Y cerré los ojos. Escuché las detonaciones a mi espalda justo en el momento en el que caíamos en el aire. Y, todavía gritando, comencé a agitar las manos, tratando de rodar hacia otro lugar, hacia donde no estuviera el cadáver. Mis amigos hicieron lo mismo, pero nunca hablamos del motivo de nuestros gritos luego. Por supuesto que no había un cadáver ahí. Había sido mi imaginación. Pero los tres gritamos al caer. Los tres. Y las balas salieron disparadas hacia la nada... o eso me gustó creer.
Bien, llegado este punto la historia no tiene nada de singular, creo.
¿Entonces porque escribirla?
Después de ese otoño nos dejamos de ver con Ale. Así pasan las cosas cuando niño. Te juegas la vida con alguien que en un par de meses vuelve a ser un completo desconocido. Con Sebastián hicimos todo el colegio secundario juntos.
El caso es que una mañana hace casi veinte años abrí el diario, comencé a ver los policiales. Alejandro estaba muerto. Un ladrón le había disparado en la cabeza. Dos veces. Muerto a sus diecinueve años.
Tratamos de no darle importancia al tema con Sebastián, pero ambos recordamos el número elegido por Ale en esa onírica tarde. Diecinueve.
Y tres años más tarde golpearon mi puerta. Salí a abrir y Sebastián cayó encima mío. Tenía sangre en la boca. Le abrí la camisa. No tenía ninguna herida.
- Me encontró - dijo antes de morir en mis brazos, clavando una mirada vidriosa hacia el techo de mi habitación, un niño de veintidós años. Los médicos no entendieron nada. Tenía múltiples desgarros y hemorragias internas, como si una rata lo hubiera horadado por dentro.
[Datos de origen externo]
lemma g_nonconstant_on_faces:
  assumes "3 \<le> n" "i < n"
  shows "\<exists>x\<in>cube n. \<exists>y\<in>cube n. x ! i = b \<and> y ! i = b \<and> g n x \<noteq> g n y"
proof -
  obtain k where k: "k \<in> {1..<n}" "k \<noteq> i"
    using tail_not_subset_singleton[OF assms(1)] by blast
  have "g n (point n {..<n}) \<noteq> g n (point n {i})"
    using assms tail_not_subset_singleton[OF assms(1)] by (auto simp: g_point g_set_def)
  moreover have "g n (point n {}) \<noteq> g n (point n ({..<n} - {i}))"
  proof -
    have "k \<in> ({..<n} - {i}) \<inter> {1..<n}"
      using k by auto
    then show ?thesis
      using assms tail_not_subset_singleton[OF assms(1)] by (auto simp: g_point g_set_def)
  qed
  ultimately show ?thesis
    using assms(2) by (cases b) (metis nth_point point_in_cube insertI1 lessThan_iff, 
        metis nth_point point_in_cube empty_iff Diff_iff insertI1)
qed

theorem mainTheorem16:
  fixes n :: nat
  assumes "n \<ge> 3"
  shows "positive_fn n (g n) \<and> g n \<in> H n \<and> depends_on_all n (g n)
         \<and> \<not> lro n (g n) \<and> spec_number n (g n) = 2 * n"
proof -
  have "\<not> lro n (g n)"
    using assms g_nonconstant_on_faces by (intro not_lro_if_nonconstant_on_faces) auto
  then show ?thesis
    using assms positive_fn_g threshold_fn_g depends_on_all_g spec_number_g by (simp add: H_def)
qed

end
definition compute_diff :: com where
  "compute_diff =
     Seq (IStore (IConst (-4)) (matrix_read (rd (-1)) (rd (-2))))
    (Seq (If (ILe (IConst 1) (rd (-1)))
           (IStore (IConst (-4)) (ISub (rd (-4)) (matrix_read (ISub (rd (-1)) (IConst 1)) (rd (-2)))))
           Skip)
    (Seq (If (ILe (IConst 1) (rd (-2)))
           (IStore (IConst (-4)) (ISub (rd (-4)) (matrix_read (rd (-1)) (ISub (rd (-2)) (IConst 1)))))
           Skip)
         (If (BAnd (ILe (IConst 1) (rd (-1))) (ILe (IConst 1) (rd (-2))))
           (IStore (IConst (-4))
              (IAdd (rd (-4)) (matrix_read (ISub (rd (-1)) (IConst 1)) (ISub (rd (-2)) (IConst 1)))))
           Skip)))"

definition store_diff :: com where
  "store_diff =
     Seq (If (IEq (rd (-4)) (IConst 0)) Skip
           (Seq (IStore (triple_addr_exp (rd (-3)) 0) (rd (-1)))
           (Seq (IStore (triple_addr_exp (rd (-3)) 1) (rd (-2)))
           (Seq (IStore (triple_addr_exp (rd (-3)) 2) (rd (-4)))
                (IStore (IConst (-3)) (IAdd (rd (-3)) (IConst 1)))))))
         (IStore (IConst (-2)) (IAdd (rd (-2)) (IConst 1)))"

definition preprocess_step :: com where
  "preprocess_step = Seq compute_diff store_diff"

definition preprocess_columns :: com where
  "preprocess_columns = While (BNot (ILe (rd 0) (rd (-2)))) preprocess_step"

definition preprocess_row :: com where
  "preprocess_row =
     Seq (IStore (IConst (-2)) (IConst 0))
    (Seq preprocess_columns
         (IStore (IConst (-1)) (IAdd (rd (-1)) (IConst 1))))"

definition preprocess :: com where
  "preprocess = While (BNot (ILe (rd 0) (rd (-1)))) preprocess_row"

definition holds_matrix :: "(nat \<Rightarrow> nat \<Rightarrow> bool) \<Rightarrow> nat \<Rightarrow> (int \<Rightarrow> int) \<Rightarrow> bool" where
  "holds_matrix M n m \<longleftrightarrow> (\<forall>a<n. \<forall>b<n. m (2 + (int a * int n + int b)) = of_bool (M a b))"

definition holds_triples :: "nat \<Rightarrow> (int \<Rightarrow> int) \<Rightarrow> (nat \<times> nat \<times> int) list \<Rightarrow> bool" where
  "holds_triples n m ts \<longleftrightarrow> (\<forall>k<length ts.
      m (triple_addr n k 0) = int (fst (ts ! k)) \<and>
      m (triple_addr n k 1) = int (fst (snd (ts ! k))) \<and>
      m (triple_addr n k 2) = snd (snd (ts ! k)))"

definition preprocess_inv :: "(nat \<Rightarrow> nat \<Rightarrow> bool) \<Rightarrow> nat \<Rightarrow> nat \<Rightarrow> nat \<Rightarrow> state \<Rightarrow> bool" where
  "preprocess_inv M n i j s \<longleftrightarrow>
     snd s = (\<lambda>_. 0) \<and> fst s 0 = int n \<and> fst s (-1) = int i \<and> fst s (-2) = int j \<and>
     fst s (-3) = int (length (nonzero_diffs M n (i * n + j))) \<and>
     holds_matrix M n (fst s) \<and> holds_triples n (fst s) (nonzero_diffs M n (i * n + j))"
(* Consider the soft UCB algorithm described in the context, with $\xi(t)=1+\frac{t}{G(t)}$. Then the expected regret at time $n$ satisfies \[ \mathbb{E}[R_n]\le\sum_{j=1}^m G(j)\Delta_j+\max_{t\in\{m+1,\dots,n\}}G(t)\left(\sum_{j:\mu_j<\mu_*}\frac{8}{\Delta_j}\log\Big(\max_{t\in\{m+1,\dots,n\}}\xi(t)\Big)+\sum_{j=1}^m\Delta_j\Big[1+\sum_{t=m+1}^n2\,\xi(t)^{-4}(t-1-m)^2\Big]\right). \]
   Context: Setting: $m$ arms, $n$ rounds. Playing arm $j$ at round $t$ produces an unscaled random reward $X_j(t)$, drawn independently over rounds from a fixed unknown distribution on $[0,1]$ with mean $\mu_j$. $G:\{1,\dots,n\}\to\mathbb{R}^+$ is a known bounded multiplier function; playing arm $I_t=j$ yields $G(t)X_j(t)$. $\mu_*=\max_j\mu_j$, $\Delta_j=\mu_*-\mu_j$, regret $R_n=\sum_{t=1}^n\sum_{j=1}^m\Delta_jG(t)\mathbf{1}_{\{I_t=j\}}$. $T_j(t-1)$ is the number of plays of arm $j$ before round $t$, and $\widehat X_{j,T_j(t-1)}$ is the average of the unscaled rewards observed from arm $j$. Algorithm (soft UCB): play each arm once (arm $j$ at round $j$). For $t=m+1,\dots,n$: play an arm maximizing $\widehat X_{j,T_j(t-1)}+\sqrt{2\log\xi(t)/T_j(t-1)}$, where $\xi(t)=1+t/G(t)$; receive $G(t)X_j$ and update $\widehat X_j$. *)

theory Defs
  imports "HOL-Probability.Probability"
begin

text \<open>Soft UCB. Arms are 1..m, rounds are 1..n. A history h is the list of arms
played in rounds 1..length h (round s+1 is h!s). The unscaled reward sample is
x j t = reward of arm j if played at round t.\<close>

definition xi :: "(nat \<Rightarrow> real) \<Rightarrow> nat \<Rightarrow> real" where
  "xi G t = 1 + real t / G t"

text \<open>Number of plays of arm j in the history (T_j(t-1) for t = length h + 1).\<close>
definition plays :: "nat list \<Rightarrow> nat \<Rightarrow> nat" where
  "plays h j = card {s. s < length h \<and> h ! s = j}"

definition emp_mean :: "(nat \<Rightarrow> nat \<Rightarrow> real) \<Rightarrow> nat list \<Rightarrow> nat \<Rightarrow> real" where
  "emp_mean x h j = (\<Sum>s | s < length h \<and> h ! s = j. x j (s + 1)) / real (plays h j)"
theorem mainTheorem9:
  fixes a :: real and F :: "real \<Rightarrow> ereal"
  assumes "0 < a" "a < 1"
    and "Gamma0s F"
    and "persp_pow_metric a F"
  shows "(\<forall>n. \<forall>s\<ge>0. (Ta a ^^ n) F s \<le> (Ta a ^^ Suc n) F s) \<and>
         (\<exists>Finf. Gamma0 Finf \<and>
            (\<forall>s\<ge>0. (\<lambda>n. (Ta a ^^ n) F s) \<longlonglongrightarrow> Finf s) \<and>
            (\<forall>s\<ge>0. Ta a Finf s = Finf s) \<and>
            (persp_pow_metric a Finf \<longrightarrow>
               (\<exists>c>0. \<forall>s\<ge>0. Finf s = ereal (c * \<bar>s powr a - 1\<bar> powr (1 / a)))))"
proof -
  have F: "Gamma0 F" "\<forall>s>0. F s = ereal s * F (1/s)"
    using assms(3) Gamma0s_symmetric[OF assms(3)] by (simp_all only: Gamma0s_def)
  define g where "g x = real_of_ereal (F x)" for x
  note g = sym_entropy_of_persp_pow_metric[OF F assms(4) g_def]
  define gs where "gs n = (Ta_real a ^^ n) g" for n
  have gs: "sym_entropy (gs n)" "0 < gs n 2" "0 \<le> x \<Longrightarrow> gs n x \<le> gs (Suc n) x" for n x
    using Ta_real_iterates[OF g(1) assms(1,2) g(3)] by (auto simp: gs_def)
  have iterates: "(Ta a ^^ n) F x = ereal (gs n x)" if "0 \<le> x" for n x
    using Ta_iterates_eq_Ta_real_iterates[OF gs(1,2)[unfolded gs_def] g(2) that] by (simp add: gs_def)
  define Finf where "Finf x = (SUP n. ereal (gs n x))" for x
  have Finf: "Gamma0 Finf" "\<forall>s>0. Finf s = ereal s * Finf (1/s)"
    unfolding Finf_def[abs_def]
    by (rule Gamma0_SUP_sym_entropy[of gs, OF gs(1)], intro allI impI SUP_sym_entropy_symmetric[of gs, OF gs(1)])
  have fixpoint: "Ta a Finf s = Finf s" if "0 \<le> s" for s
    using Ta_SUP_fixpoint[of gs, OF gs(1,2) gs(3) _ that] by (simp add: Finf_def[abs_def] gs_def)
  have "(\<lambda>n. (Ta a ^^ n) F s) \<longlonglongrightarrow> Finf s" if "0 \<le> s" for s
    using LIMSEQ_SUP[of "\<lambda>n. ereal (gs n s)"] gs(3) that by (simp add: iterates Finf_def incseq_SucI)
  moreover have "(Ta a ^^ n) F s \<le> (Ta a ^^ Suc n) F s" if "0 \<le> s" for n s
    unfolding iterates[OF that] using gs(3)[OF that] by simp
  ultimately show ?thesis
    using Finf(1) fixpoint Gamma0_fixpoint_power_form[OF assms(1,2) Finf fixpoint] by blast
qed

end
Y ninguna herida exterior.
De eso ya hacen dieciséis años.
En una semana cumplo mis treinta y ocho.
Y decidí dejar escrito esto por que sé que el hombre gordo vendrá en cualquier momento. En aquél atardecer nos dejó elegir, pero ninguno de nosotros sabía que elegía. No sabíamos que cada bala tenía nuestros nombres en su destino. No sabíamos que nos encontrarían en el momento justo, por mucho que huyéramos.
No sabíamos, atrapados en nuestra inocencia, que todavía circulaban trenes por esas vías abandonadas, vías que nos condujeron a cada uno a la estación elegida. Diecinueve, veintidós… Treinta y ocho.
Yo decidí engañarlo. Tanta angustia todos estos años, sabiendo que la bala venía por mí, que estaba esperando el día adecuado, que jamás escaparía. Y tenía la solución allí, tan a mano.
Me compré un revólver.
Y ahora, que la historia está contada, voy a matarme.
No iré donde el hombre gordo quiere llevarme. Elegiré mi propio destino.
No culpen a nadie




Nota hallada junto a Javier Lajho. El balazo alertó a sus vecinos, que llamaron a la policía. Dijeron(los vecinos) que poco conocían de él, salvo que les parecía temeroso y algo paranoico. Los médicos lograron tenerlo con vida hasta el día de su cumpleaños. Murió a raíz de complicaciones múltiples.



23 de marzo de 2008

4 comentarios:

Tongas dijo...

Muy bueno loco. Escalofriante historia para estas horas de la noche...ya me lo imagino al gordo de mierda ese. Saludos!

J.P. Gutièrrez dijo...

Gracias Tongas!! Es un privilegio tenerte de atento lector.
Abrazo hermano.

Anónimo dijo...

Un Lovecraft contemporaneo..?

J.P. Gutièrrez dijo...

Ni siquiera me atrevo a nombrarlo.
Gracias anonimo.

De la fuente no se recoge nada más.